[Work order] Where the word "vanishes" shows up in the entries below, please copy the whole line.

Records excerpted from a collection:
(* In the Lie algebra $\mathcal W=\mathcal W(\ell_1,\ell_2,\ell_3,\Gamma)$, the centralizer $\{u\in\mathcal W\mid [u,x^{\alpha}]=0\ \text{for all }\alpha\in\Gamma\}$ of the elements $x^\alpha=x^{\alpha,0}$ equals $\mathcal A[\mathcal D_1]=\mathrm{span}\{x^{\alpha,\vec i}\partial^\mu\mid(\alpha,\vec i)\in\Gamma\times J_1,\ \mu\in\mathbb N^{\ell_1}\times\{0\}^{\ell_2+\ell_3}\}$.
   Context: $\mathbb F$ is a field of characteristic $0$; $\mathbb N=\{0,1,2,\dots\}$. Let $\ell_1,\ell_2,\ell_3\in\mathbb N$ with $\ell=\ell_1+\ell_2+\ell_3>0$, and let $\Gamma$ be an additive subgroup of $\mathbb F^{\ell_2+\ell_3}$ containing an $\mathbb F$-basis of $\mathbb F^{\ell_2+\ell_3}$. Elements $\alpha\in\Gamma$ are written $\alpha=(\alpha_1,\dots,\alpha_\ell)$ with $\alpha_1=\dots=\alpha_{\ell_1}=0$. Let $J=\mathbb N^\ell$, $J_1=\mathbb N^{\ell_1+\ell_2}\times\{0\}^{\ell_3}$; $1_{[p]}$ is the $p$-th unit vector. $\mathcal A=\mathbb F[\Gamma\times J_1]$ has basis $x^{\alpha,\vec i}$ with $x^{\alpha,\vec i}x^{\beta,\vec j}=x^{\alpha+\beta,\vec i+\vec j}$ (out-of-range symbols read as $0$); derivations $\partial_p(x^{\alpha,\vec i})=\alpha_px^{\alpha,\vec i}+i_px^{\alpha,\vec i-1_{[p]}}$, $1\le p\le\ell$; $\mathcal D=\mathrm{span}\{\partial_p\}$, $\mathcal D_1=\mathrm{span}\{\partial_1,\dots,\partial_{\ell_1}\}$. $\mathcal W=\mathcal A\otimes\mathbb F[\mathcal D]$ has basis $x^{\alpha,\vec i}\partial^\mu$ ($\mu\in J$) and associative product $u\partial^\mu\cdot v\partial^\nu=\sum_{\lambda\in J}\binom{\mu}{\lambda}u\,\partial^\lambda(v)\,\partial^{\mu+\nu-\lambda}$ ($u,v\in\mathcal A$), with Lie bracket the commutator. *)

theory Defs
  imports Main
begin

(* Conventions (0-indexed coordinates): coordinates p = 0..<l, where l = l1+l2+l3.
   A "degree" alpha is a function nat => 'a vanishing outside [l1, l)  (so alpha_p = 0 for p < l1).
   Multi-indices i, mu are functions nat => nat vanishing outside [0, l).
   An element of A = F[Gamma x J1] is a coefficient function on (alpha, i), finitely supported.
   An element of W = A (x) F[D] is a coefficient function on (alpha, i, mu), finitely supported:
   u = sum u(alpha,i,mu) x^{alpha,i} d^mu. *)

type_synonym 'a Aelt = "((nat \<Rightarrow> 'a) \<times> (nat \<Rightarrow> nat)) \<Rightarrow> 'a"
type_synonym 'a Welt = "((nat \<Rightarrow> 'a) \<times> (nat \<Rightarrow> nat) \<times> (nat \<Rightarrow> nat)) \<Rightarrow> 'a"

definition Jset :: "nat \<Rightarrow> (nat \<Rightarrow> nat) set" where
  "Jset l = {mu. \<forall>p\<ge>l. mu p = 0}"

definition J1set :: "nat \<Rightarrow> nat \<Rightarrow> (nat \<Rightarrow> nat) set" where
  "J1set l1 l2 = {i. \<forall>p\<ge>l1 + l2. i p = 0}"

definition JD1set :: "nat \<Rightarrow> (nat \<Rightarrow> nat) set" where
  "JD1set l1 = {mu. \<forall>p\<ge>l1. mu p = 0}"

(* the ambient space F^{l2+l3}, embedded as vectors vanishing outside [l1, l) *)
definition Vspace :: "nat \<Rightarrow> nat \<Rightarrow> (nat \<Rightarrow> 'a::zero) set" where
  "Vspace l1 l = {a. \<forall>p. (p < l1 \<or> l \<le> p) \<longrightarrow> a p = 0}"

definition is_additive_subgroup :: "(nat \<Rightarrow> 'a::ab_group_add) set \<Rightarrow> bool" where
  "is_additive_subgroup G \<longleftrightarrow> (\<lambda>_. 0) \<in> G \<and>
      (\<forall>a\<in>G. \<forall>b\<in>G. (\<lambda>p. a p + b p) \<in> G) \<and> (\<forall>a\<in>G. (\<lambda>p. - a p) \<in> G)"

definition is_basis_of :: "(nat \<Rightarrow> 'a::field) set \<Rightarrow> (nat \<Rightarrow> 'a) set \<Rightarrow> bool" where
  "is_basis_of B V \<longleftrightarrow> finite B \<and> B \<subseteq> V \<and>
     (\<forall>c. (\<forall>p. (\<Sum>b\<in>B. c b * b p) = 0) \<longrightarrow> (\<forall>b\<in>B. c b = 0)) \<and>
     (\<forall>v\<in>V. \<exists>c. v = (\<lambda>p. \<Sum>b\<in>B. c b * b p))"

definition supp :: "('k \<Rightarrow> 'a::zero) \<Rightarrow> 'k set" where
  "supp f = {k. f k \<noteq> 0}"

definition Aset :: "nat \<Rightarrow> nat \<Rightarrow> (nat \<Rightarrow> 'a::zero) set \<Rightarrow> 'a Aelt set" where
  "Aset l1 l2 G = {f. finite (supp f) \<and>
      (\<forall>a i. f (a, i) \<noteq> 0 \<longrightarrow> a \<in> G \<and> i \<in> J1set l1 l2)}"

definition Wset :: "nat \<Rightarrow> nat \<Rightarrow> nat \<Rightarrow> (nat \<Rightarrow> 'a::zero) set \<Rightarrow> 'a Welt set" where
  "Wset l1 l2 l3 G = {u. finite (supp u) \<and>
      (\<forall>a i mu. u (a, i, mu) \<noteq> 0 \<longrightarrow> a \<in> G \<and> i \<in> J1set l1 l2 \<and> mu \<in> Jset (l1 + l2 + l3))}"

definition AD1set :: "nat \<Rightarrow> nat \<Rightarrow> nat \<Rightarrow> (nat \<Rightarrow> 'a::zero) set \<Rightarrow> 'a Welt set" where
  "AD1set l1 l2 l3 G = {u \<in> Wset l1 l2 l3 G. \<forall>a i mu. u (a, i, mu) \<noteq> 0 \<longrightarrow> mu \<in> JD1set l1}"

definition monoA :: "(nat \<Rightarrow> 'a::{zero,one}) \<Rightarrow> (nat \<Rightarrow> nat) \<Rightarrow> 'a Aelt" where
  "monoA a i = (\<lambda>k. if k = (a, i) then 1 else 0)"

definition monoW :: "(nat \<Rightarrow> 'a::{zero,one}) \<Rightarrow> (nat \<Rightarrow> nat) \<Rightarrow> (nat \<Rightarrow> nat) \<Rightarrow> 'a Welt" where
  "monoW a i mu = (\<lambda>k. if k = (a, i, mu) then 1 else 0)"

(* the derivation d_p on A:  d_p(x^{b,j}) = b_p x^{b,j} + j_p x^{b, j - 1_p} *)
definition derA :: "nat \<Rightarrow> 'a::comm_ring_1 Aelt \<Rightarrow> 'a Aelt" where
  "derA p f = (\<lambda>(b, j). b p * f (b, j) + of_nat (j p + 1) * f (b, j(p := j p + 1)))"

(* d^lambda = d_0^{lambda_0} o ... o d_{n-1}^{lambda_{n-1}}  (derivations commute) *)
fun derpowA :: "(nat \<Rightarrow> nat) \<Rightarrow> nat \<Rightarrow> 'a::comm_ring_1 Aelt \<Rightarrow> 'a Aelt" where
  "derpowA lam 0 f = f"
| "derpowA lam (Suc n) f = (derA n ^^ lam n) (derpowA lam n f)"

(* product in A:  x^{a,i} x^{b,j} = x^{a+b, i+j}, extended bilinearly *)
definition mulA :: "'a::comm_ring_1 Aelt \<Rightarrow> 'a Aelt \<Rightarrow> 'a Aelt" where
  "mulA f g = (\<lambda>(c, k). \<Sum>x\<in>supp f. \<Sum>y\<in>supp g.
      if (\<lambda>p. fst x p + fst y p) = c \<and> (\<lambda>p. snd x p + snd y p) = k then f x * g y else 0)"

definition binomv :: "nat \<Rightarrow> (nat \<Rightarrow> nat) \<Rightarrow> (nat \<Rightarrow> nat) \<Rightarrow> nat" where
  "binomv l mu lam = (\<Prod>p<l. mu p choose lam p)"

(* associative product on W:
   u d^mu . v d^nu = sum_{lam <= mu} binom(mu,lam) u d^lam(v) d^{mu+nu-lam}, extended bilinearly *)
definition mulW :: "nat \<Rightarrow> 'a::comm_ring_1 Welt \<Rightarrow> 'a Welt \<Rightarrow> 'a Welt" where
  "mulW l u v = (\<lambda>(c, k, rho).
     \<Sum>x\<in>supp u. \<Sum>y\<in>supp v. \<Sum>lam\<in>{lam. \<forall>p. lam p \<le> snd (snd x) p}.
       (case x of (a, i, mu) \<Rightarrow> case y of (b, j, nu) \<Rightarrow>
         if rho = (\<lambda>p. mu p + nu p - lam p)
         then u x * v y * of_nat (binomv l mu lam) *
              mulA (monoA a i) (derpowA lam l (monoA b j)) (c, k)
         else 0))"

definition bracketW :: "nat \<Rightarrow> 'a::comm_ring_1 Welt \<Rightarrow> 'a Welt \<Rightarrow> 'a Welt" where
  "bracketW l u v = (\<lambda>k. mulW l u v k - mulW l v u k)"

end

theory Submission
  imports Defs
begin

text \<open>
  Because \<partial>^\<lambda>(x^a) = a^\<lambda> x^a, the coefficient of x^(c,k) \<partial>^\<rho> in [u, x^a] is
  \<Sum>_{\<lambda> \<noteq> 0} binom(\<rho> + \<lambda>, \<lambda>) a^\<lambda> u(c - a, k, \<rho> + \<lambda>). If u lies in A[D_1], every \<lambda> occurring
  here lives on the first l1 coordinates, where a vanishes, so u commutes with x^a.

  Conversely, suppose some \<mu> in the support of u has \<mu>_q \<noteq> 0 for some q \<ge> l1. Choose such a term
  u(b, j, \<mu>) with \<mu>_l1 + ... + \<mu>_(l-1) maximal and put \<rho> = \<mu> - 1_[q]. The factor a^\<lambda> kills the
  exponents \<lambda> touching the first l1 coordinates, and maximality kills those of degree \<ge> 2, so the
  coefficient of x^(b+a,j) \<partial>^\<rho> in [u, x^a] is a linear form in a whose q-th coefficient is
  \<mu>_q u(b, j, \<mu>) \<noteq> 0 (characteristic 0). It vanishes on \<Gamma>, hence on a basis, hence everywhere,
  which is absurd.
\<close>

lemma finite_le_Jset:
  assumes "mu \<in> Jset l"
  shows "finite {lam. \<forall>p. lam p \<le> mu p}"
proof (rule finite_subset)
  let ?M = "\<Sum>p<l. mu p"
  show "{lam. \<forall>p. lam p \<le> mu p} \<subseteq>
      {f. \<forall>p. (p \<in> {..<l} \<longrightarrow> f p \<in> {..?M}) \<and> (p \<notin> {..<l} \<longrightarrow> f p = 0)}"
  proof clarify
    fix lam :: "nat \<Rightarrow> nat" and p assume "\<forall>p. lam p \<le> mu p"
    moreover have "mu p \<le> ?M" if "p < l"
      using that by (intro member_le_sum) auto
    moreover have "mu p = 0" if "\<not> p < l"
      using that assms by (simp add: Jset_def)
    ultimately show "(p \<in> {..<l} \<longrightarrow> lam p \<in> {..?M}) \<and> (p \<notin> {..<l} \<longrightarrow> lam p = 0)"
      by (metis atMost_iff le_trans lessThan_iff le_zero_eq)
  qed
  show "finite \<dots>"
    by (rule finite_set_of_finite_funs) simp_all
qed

[Final answer]
  here lives on the first l1 coordinates, where a vanishes, so u commutes with x^a.
  \<mu>_q u(b, j, \<mu>) \<noteq> 0 (characteristic 0). It vanishes on \<Gamma>, hence on a basis, hence everywhere,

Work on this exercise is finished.